Waar we in Nederland de regels inzake overgang van onderneming (artikel 7:662 e.v. BW) hebben, hebben ze in België Boek XX, Titel V Gerechtelijke Reorganisatie van het Wetboek van Economisch Recht (WER). Beide regelingen zijn gebaseerd op de richtlijn. Naast het sluiten van een minnelijke regeling of een collectief akkoord met de schuldeisers, volgt uit de Belgische regeling dat een onderneming er ook voor kan kiezen deze onder gerechtelijk gezag over te dragen. Hierbij wordt de gerechtsmandataris belast met het organiseren van het verkoopproces en speelt hij daarbij dus een centrale rol. Deze procedure wordt ook wel gerechtelijke reorganisatie door overdracht onder gerechtelijk gezag genoemd.100

Het Hof oordeelde eerst of de nationale procedure, waarin het keuzerecht aan de

verkrijger is toegekend, onder de uitzondering van artikel 5 lid 1 van de richtlijn valt. Zodra de procedure onder deze uitzondering valt dan zijn de beschermende bepalingen uit artikel 3 en 4 van de richtlijn niet van toepassing. Als dit het geval was dan kwam het Hof niet aan de

beantwoording toe of het keuzerecht van de verkrijger in strijd is met de richtlijn. Het is daarom van belang om eerst de beoordelen of de procedure onder de uitzondering valt. Het Hof

beoordeelde dit aan de hand van de cumulatieve voorwaarden die in het Smallsteps zijn gesteld. Mijns inziens heeft het Hof hier de juiste toetsing gebruikt en komt dan ook tot een

gerechtvaardigde conclusie dat er niet aan de voorwaarden is voldaan. Het staat immers vast, en volgt ook uit de bewoording van de prejudiciële vraag, dat de procedure niet gericht was op liquidatie van het vermogen maar op behoud van het geheel of een gedeelte van Echo of haar activiteiten. Doordat er niet aan de voorwaarden uit het Smallsteps-arrest is voldaan, valt de procedure niet onder de uitzondering en is het mogelijk om het keuzerecht dat volgt uit de nationale wetgeving, te toetsen aan de beschermende bepalingen van de richtlijn.

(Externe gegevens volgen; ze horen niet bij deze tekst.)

(* For every integer $k\ge2$, \[\mathsf P(k)=\bigoplus_{s=0}^{\lfloor k/2\rfloor}\underline x^s\,\mathsf I(k-2s)\,\underline x^s,\] where $\underline x^s\,\mathsf I(k-2s)\,\underline x^s=\{\underline x^sP(\underline x)\underline x^s:P\in\mathsf I(k-2s)\}$.
   Context: $\mathbb R_{0,m}$ is the $2^m$-dimensional real Clifford algebra generated by the orthonormal basis $e_1,\dots,e_m$ of $\mathbb R^m$ with relations $e_je_k+e_ke_j=-2\delta_{jk}$. A point of $\mathbb R^m$ is identified with $\underline x=\sum_jx_je_j$ (so $\underline x^s$ is its $s$-th Clifford power). The Dirac operator is $\partial_{\underline x}=\sum_je_j\partial_{x_j}$, and $\partial_{\underline x}f\partial_{\underline x}=\sum_{i,j}e_i(\partial_{x_i}\partial_{x_j}f)e_j$. $\mathsf P(k)$ is the real vector space of $\mathbb R_{0,m}$-valued homogeneous polynomials of degree $k$ on $\mathbb R^m$, and $\mathsf I(k)=\{P\in\mathsf P(k):\partial_{\underline x}P\partial_{\underline x}=0\}$ (inframonogenic homogeneous polynomials of degree $k$); note $\mathsf I(0)=\mathsf P(0)$ and $\mathsf I(1)=\mathsf P(1)$. *)

theory Defs
  imports Complex_Main
begin

text \<open>Clifford algebra R_{0,m}: an element is a real coefficient function on blades
  (subsets A of {0..<m}, standing for e_A = e_{a1}...e_{ar}, a1<...<ar); coefficients of
  sets not contained in {0..<m} are zero. Basis vector e_{j+1} of the paper is blade {j}.\<close>

type_synonym cliff = "nat set \<Rightarrow> real"

definition clif :: "nat \<Rightarrow> cliff set" where
  "clif m = {a. \<forall>A. \<not> A \<subseteq> {..<m} \<longrightarrow> a A = 0}"

definition blade :: "nat set \<Rightarrow> cliff" where
  "blade A = (\<lambda>B. if B = A then 1 else 0)"

text \<open>e_A e_B = (-1)^(#{(a,b) in A x B. b < a} + |A \<inter> B|) e_(A symdiff B), since e_j^2 = -1.\<close>
definition csign :: "nat set \<Rightarrow> nat set \<Rightarrow> real" where
  "csign A B = (-1) ^ (card {(a,b). a \<in> A \<and> b \<in> B \<and> b < a} + card (A \<inter> B))"

definition cmult :: "nat \<Rightarrow> cliff \<Rightarrow> cliff \<Rightarrow> cliff" where
  "cmult m a b = (\<lambda>C. \<Sum>A\<in>Pow {..<m}. \<Sum>B\<in>Pow {..<m}.
      if (A - B) \<union> (B - A) = C then csign A B * a A * b B else 0)"

text \<open>Clifford-valued polynomials in x_1..x_m (variables indexed 0..<m) represented by their
  coefficient function on exponent vectors alpha (x^alpha = prod x_i^(alpha i)).\<close>

type_synonym cpoly = "(nat \<Rightarrow> nat) \<Rightarrow> cliff"

definition mons :: "nat \<Rightarrow> nat \<Rightarrow> (nat \<Rightarrow> nat) set" where
  "mons m k = {\<alpha>. (\<forall>i. m \<le> i \<longrightarrow> \<alpha> i = 0) \<and> (\<Sum>i<m. \<alpha> i) = k}"

definition hpoly :: "nat \<Rightarrow> nat \<Rightarrow> cpoly set" where
  "hpoly m k = {p. (\<forall>\<alpha>. \<alpha> \<notin> mons m k \<longrightarrow> p \<alpha> = (\<lambda>C. 0)) \<and> (\<forall>\<alpha>. p \<alpha> \<in> clif m)}"

definition unitv :: "nat \<Rightarrow> nat \<Rightarrow> nat" where
  "unitv j = (\<lambda>i. if i = j then 1 else 0)"

definition pderiv_x :: "nat \<Rightarrow> cpoly \<Rightarrow> cpoly" where
  "pderiv_x j p = (\<lambda>\<alpha> C. real (\<alpha> j + 1) * p (\<lambda>i. \<alpha> i + unitv j i) C)"

definition dirac2 :: "nat \<Rightarrow> cpoly \<Rightarrow> cpoly" where
  "dirac2 m p = (\<lambda>\<alpha> C. \<Sum>i<m. \<Sum>j<m.
      cmult m (blade {i}) (cmult m (pderiv_x i (pderiv_x j p) \<alpha>) (blade {j})) C)"

definition infra :: "nat \<Rightarrow> nat \<Rightarrow> cpoly set" where
  "infra m k = {p \<in> hpoly m k. dirac2 m p = (\<lambda>\<alpha> C. 0)}"

definition pmult :: "nat \<Rightarrow> cpoly \<Rightarrow> cpoly \<Rightarrow> cpoly" where
  "pmult m p q = (\<lambda>\<gamma> C. \<Sum>\<alpha>\<in>{\<alpha>. \<forall>i. \<alpha> i \<le> \<gamma> i \<and> (m \<le> i \<longrightarrow> \<alpha> i = 0)}.
      cmult m (p \<alpha>) (q (\<lambda>i. \<gamma> i - \<alpha> i)) C)"

definition pone :: cpoly where
  "pone = (\<lambda>\<alpha> C. if (\<forall>i. \<alpha> i = 0) \<and> C = {} then 1 else 0)"

definition xvec :: "nat \<Rightarrow> cpoly" where
  "xvec m = (\<lambda>\<alpha> C. \<Sum>j<m. if \<alpha> = unitv j then blade {j} C else 0)"

definition xpow :: "nat \<Rightarrow> nat \<Rightarrow> cpoly" where
  "xpow m s = (pmult m (xvec m) ^^ s) pone"

definition xIx :: "nat \<Rightarrow> nat \<Rightarrow> nat \<Rightarrow> cpoly set" where
  "xIx m k s = {pmult m (pmult m (xpow m s) P) (xpow m s) | P. P \<in> infra m (k - 2 * s)}"

end

theory Submission
  imports Defs "HOL-Library.Function_Algebras"
begin

(* The proof follows the classical Fischer-inner-product argument.
   (1) The Clifford product is associative, because the blade sign csign is a cocycle;
       the blade inner product makes left and right multiplication by a basis vector
       e_i anti-self-adjoint.  This gives associativity of the polynomial product, so
       x^(s+1) P x^(s+1) = x (x^s P x^s) x.
   (2) With the Fischer inner product <P,Q> = sum_alpha alpha! <P_alpha, Q_alpha>, the
       sandwich T(R) = x R x is adjoint to the two-sided Dirac operator D(P) = d P d,
       i.e. <x R x, P> = <R, d P d>.  Since T is injective (for m > 0), the composite
       D o T is an injective, hence surjective, endomorphism of the finite-dimensional
       space P(n).
   (3) Surjectivity yields P = (P - T R) + T R with P - T R inframonogenic, and
       adjointness yields uniqueness of this splitting.
   (4) Induction on k assembles the full direct sum; the case m = 0 is trivial since
       then P(k) = 0 for k > 0. *)


section \<open>The Clifford product\<close>

text \<open>Sign contributed by moving e_b past e_a (including the square e_a e_a = -1).\<close>
definition pair_sign :: "nat \<Rightarrow> nat \<Rightarrow> real" where
  "pair_sign a b = (if b \<le> a then -1 else 1)"

lemma pair_sign_sq[simp]: "pair_sign a b * pair_sign a b = 1"
  by (simp add: pair_sign_def)

text \<open>The blade sign factorises over pairs, which makes it multiplicative in each argument.\<close>
lemma csign_prod:
  assumes "finite A" "finite B"
  shows "csign A B = (\<Prod>a\<in>A. \<Prod>b\<in>B. pair_sign a b)"
proof -
  let ?S = "{(a,b). a \<in> A \<and> b \<in> B \<and> b < a}"
  let ?T = "(A \<times> B) \<inter> {p. snd p \<le> fst p}"
  have fS: "finite ?S" by (rule finite_subset[of _ "A \<times> B"]) (use assms in auto)
  have eq: "?T = ?S \<union> (\<lambda>a. (a,a)) ` (A \<inter> B)" by auto
  have "card ?T = card ?S + card ((\<lambda>a. (a,a)) ` (A \<inter> B))"
    unfolding eq by (rule card_Un_disjoint) (use fS assms in auto)
  also have "card ((\<lambda>a. (a,a)) ` (A \<inter> B)) = card (A \<inter> B)"
    by (rule card_image) (auto simp: inj_on_def)
  finally have c: "card ?T = card ?S + card (A \<inter> B)" .
  have "(\<Prod>a\<in>A. \<Prod>b\<in>B. pair_sign a b) = (\<Prod>p\<in>A \<times> B. pair_sign (fst p) (snd p))"
    by (simp add: prod.cartesian_product case_prod_beta)
  also have "\<dots> = (\<Prod>p\<in>?T. -1) * (\<Prod>p\<in>(A \<times> B) \<inter> - {p. snd p \<le> fst p}. 1)"
    unfolding pair_sign_def using assms by (subst prod.If_cases) auto
  also have "\<dots> = (-1) ^ card ?T" by simp
  finally show ?thesis unfolding csign_def c by simp
qed

lemma prod_symdiff:
  fixes g :: "nat \<Rightarrow> real"
  assumes "finite A" "finite B" "\<And>x. g x * g x = 1"
  shows "prod g (sym_diff A B) = prod g A * prod g B"
proof -
  have AB: "prod g A = prod g (A - B) * prod g (A \<inter> B)"
    using assms by (metis Diff_Diff_Int Diff_subset inf_le1 prod.subset_diff finite_Int mult.commute)
  have BA: "prod g B = prod g (B - A) * prod g (A \<inter> B)"
    using assms by (metis Diff_Diff_Int Diff_subset inf_le2 inf_commute prod.subset_diff mult.commute)
  have sq: "prod g (A \<inter> B) * prod g (A \<inter> B) = 1"
    by (simp add: assms(3) flip: prod.distrib)
  have "prod g (sym_diff A B) = prod g (A - B) * prod g (B - A)"
    using assms by (intro prod.union_disjoint) auto
  also have "\<dots> = prod g (A - B) * prod g (B - A) * (prod g (A \<inter> B) * prod g (A \<inter> B))"
    using sq by simp
  also have "\<dots> = prod g A * prod g B" unfolding AB BA by (simp add: algebra_simps)
  finally show ?thesis .
qed

lemma csign_symdiff_left:
  assumes "finite A" "finite B" "finite C"
  shows "csign (sym_diff A B) C = csign A C * csign B C"
proof -
  have sq: "\<And>a. (\<Prod>c\<in>C. pair_sign a c) * (\<Prod>c\<in>C. pair_sign a c) = 1"
    by (simp flip: prod.distrib)
  show ?thesis using assms by (simp add: csign_prod prod_symdiff sq)
qed

lemma csign_symdiff_right:
  assumes "finite A" "finite B" "finite C"
  shows "csign A (sym_diff B C) = csign A B * csign A C"
  using assms by (simp add: csign_prod prod_symdiff prod.distrib)

text \<open>The 2-cocycle identity, the algebraic content of associativity.\<close>
lemma csign_cocycle:
  assumes "finite A" "finite B" "finite C"
  shows "csign A B * csign (sym_diff A B) C = csign A (sym_diff B C) * csign B C"
  using assms by (simp add: csign_symdiff_left csign_symdiff_right)

lemma csign_single: "csign {i} {i} = -1"
proof -
  have e: "{(a, b). a \<in> {i} \<and> b \<in> {i} \<and> b < a} = {}" by auto
  show ?thesis unfolding csign_def by (simp only: e) simp
qed

lemma csign_nonzero: "csign A B \<noteq> 0"
  unfolding csign_def by simp

abbreviation blades :: "nat \<Rightarrow> nat set set" where "blades m \<equiv> Pow {..<m}"

lemma blades_finite: "A \<in> blades m \<Longrightarrow> finite A"
  by (meson PowD finite_lessThan finite_subset)

definition struct_const :: "nat set \<Rightarrow> nat set \<Rightarrow> nat set \<Rightarrow> real" where
  "struct_const A B C = (if sym_diff A B = C then csign A B else 0)"

lemma cmult_alt: "cmult m a b C = (\<Sum>A\<in>blades m. \<Sum>B\<in>blades m. struct_const A B C * a A * b B)"
  unfolding cmult_def struct_const_def by (intro sum.cong refl) auto

lemma cmult_clif: "cmult m a b \<in> clif m"
  unfolding clif_def cmult_def by (auto intro!: sum.neutral)

lemma struct_const_sum:
  assumes "A \<in> blades m" "B \<in> blades m"
  shows "(\<Sum>E\<in>blades m. struct_const A B E * f E) = csign A B * f (sym_diff A B)"
proof -
  have "(\<Sum>E\<in>blades m. struct_const A B E * f E)
      = (\<Sum>E\<in>blades m. if sym_diff A B = E then csign A B * f E else 0)"
    unfolding struct_const_def by (intro sum.cong) auto
  also have "\<dots> = csign A B * f (sym_diff A B)"
    using assms by (subst sum.delta') auto
  finally show ?thesis .
qed

lemma sum_rotate3:
  "(\<Sum>x\<in>S. \<Sum>y\<in>T. \<Sum>z\<in>U. f x y z) = (\<Sum>y\<in>T. \<Sum>z\<in>U. \<Sum>x\<in>S. (f x y z :: real))"
  by (subst sum.swap) (rule sum.cong[OF refl], rule sum.swap)

lemma sum_rotate4:
  "(\<Sum>x\<in>S. \<Sum>y\<in>T. \<Sum>z\<in>U. \<Sum>w\<in>V. f x y z w)
   = (\<Sum>y\<in>T. \<Sum>z\<in>U. \<Sum>w\<in>V. \<Sum>x\<in>S. (f x y z w :: real))"
  by (subst sum.swap) (rule sum.cong[OF refl], rule sum_rotate3)

text \<open>Both bracketings of a triple product expand into the same triple sum over blades,
  with coefficients that agree by the cocycle identity.\<close>
lemma cmult_assoc_left_expand:
  "cmult m (cmult m a b) c D = (\<Sum>A\<in>blades m. \<Sum>B\<in>blades m. \<Sum>C\<in>blades m.
      csign A B * struct_const (sym_diff A B) C D * a A * b B * c C)"
proof -
  have "cmult m (cmult m a b) c D = (\<Sum>E\<in>blades m. \<Sum>C\<in>blades m. \<Sum>A\<in>blades m. \<Sum>B\<in>blades m.
      struct_const A B E * (struct_const E C D * a A * b B * c C))"
    unfolding cmult_alt by (simp add: sum_distrib_left sum_distrib_right algebra_simps)
  also have "\<dots> = (\<Sum>A\<in>blades m. \<Sum>B\<in>blades m. \<Sum>C\<in>blades m. \<Sum>E\<in>blades m.
      struct_const A B E * (struct_const E C D * a A * b B * c C))"
    by (subst sum_rotate4) (rule sum_rotate3)
  also have "\<dots> = (\<Sum>A\<in>blades m. \<Sum>B\<in>blades m. \<Sum>C\<in>blades m.
      csign A B * struct_const (sym_diff A B) C D * a A * b B * c C)"
    by (intro sum.cong refl) (subst struct_const_sum; simp add: algebra_simps)
  finally show ?thesis .
qed

lemma cmult_assoc_right_expand:
  "cmult m a (cmult m b c) D = (\<Sum>A\<in>blades m. \<Sum>B\<in>blades m. \<Sum>C\<in>blades m.
      csign B C * struct_const A (sym_diff B C) D * a A * b B * c C)"
proof -
  have "cmult m a (cmult m b c) D = (\<Sum>A\<in>blades m. \<Sum>E\<in>blades m. \<Sum>B\<in>blades m. \<Sum>C\<in>blades m.
      struct_const B C E * (struct_const A E D * a A * b B * c C))"
    unfolding cmult_alt by (simp add: sum_distrib_left sum_distrib_right algebra_simps)
  also have "\<dots> = (\<Sum>A\<in>blades m. \<Sum>B\<in>blades m. \<Sum>C\<in>blades m. \<Sum>E\<in>blades m.
      struct_const B C E * (struct_const A E D * a A * b B * c C))"
    by (rule sum.cong[OF refl], rule sum_rotate3)
  also have "\<dots> = (\<Sum>A\<in>blades m. \<Sum>B\<in>blades m. \<Sum>C\<in>blades m.
      csign B C * struct_const A (sym_diff B C) D * a A * b B * c C)"
    by (intro sum.cong refl) (subst struct_const_sum; simp add: algebra_simps)
  finally show ?thesis .
qed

Het Hof bepaalde dat artikel 3 en 4 van de richtlijn van toepassing zijn. Op het eerste oog lijkt het alsof de maatstaf bij het keuzerecht uit de nationale regeling op grond van de ETO-redenen overeenstemt met die van artikel 4 lid 1 van de richtlijn: bij een overgang van onderneming is ontslag toegestaan, mits daar ETO-redenen voor zijn. Uit de uitspraak blijkt echter, naar mijns inziens terecht, dat ontslag niet hetzelfde is als selectie. Er is een wezenlijk verschil tussen het hanteren van de ETO-redenen bij enerzijds ontslag na overname en anderzijds

(28)

bij het selectieproces dat ziet op de keuze van de werknemers in kader van de overname. In de Belgische procedure heeft het hanteren van de ETO-redenen geen betrekking op selectie onder de overgenomen werknemers, maar uitsluitend op de keuze van de werknemers die een

arbeidsovereenkomst aangeboden krijgt. De verkrijger heeft dus niet de verplichting om aan te tonen dat het ontslag van de overige werknemers aan wie geen arbeidsovereenkomst is

aangeboden gebaseerd is op ETO-redenen.101 Dit is niet toegestaan en daardoor is deze bepaling

in strijd met de richtlijn. Volgens het Hof is dit zelfs een gevaar voor de naleving van het hoofddoel van de richtlijn.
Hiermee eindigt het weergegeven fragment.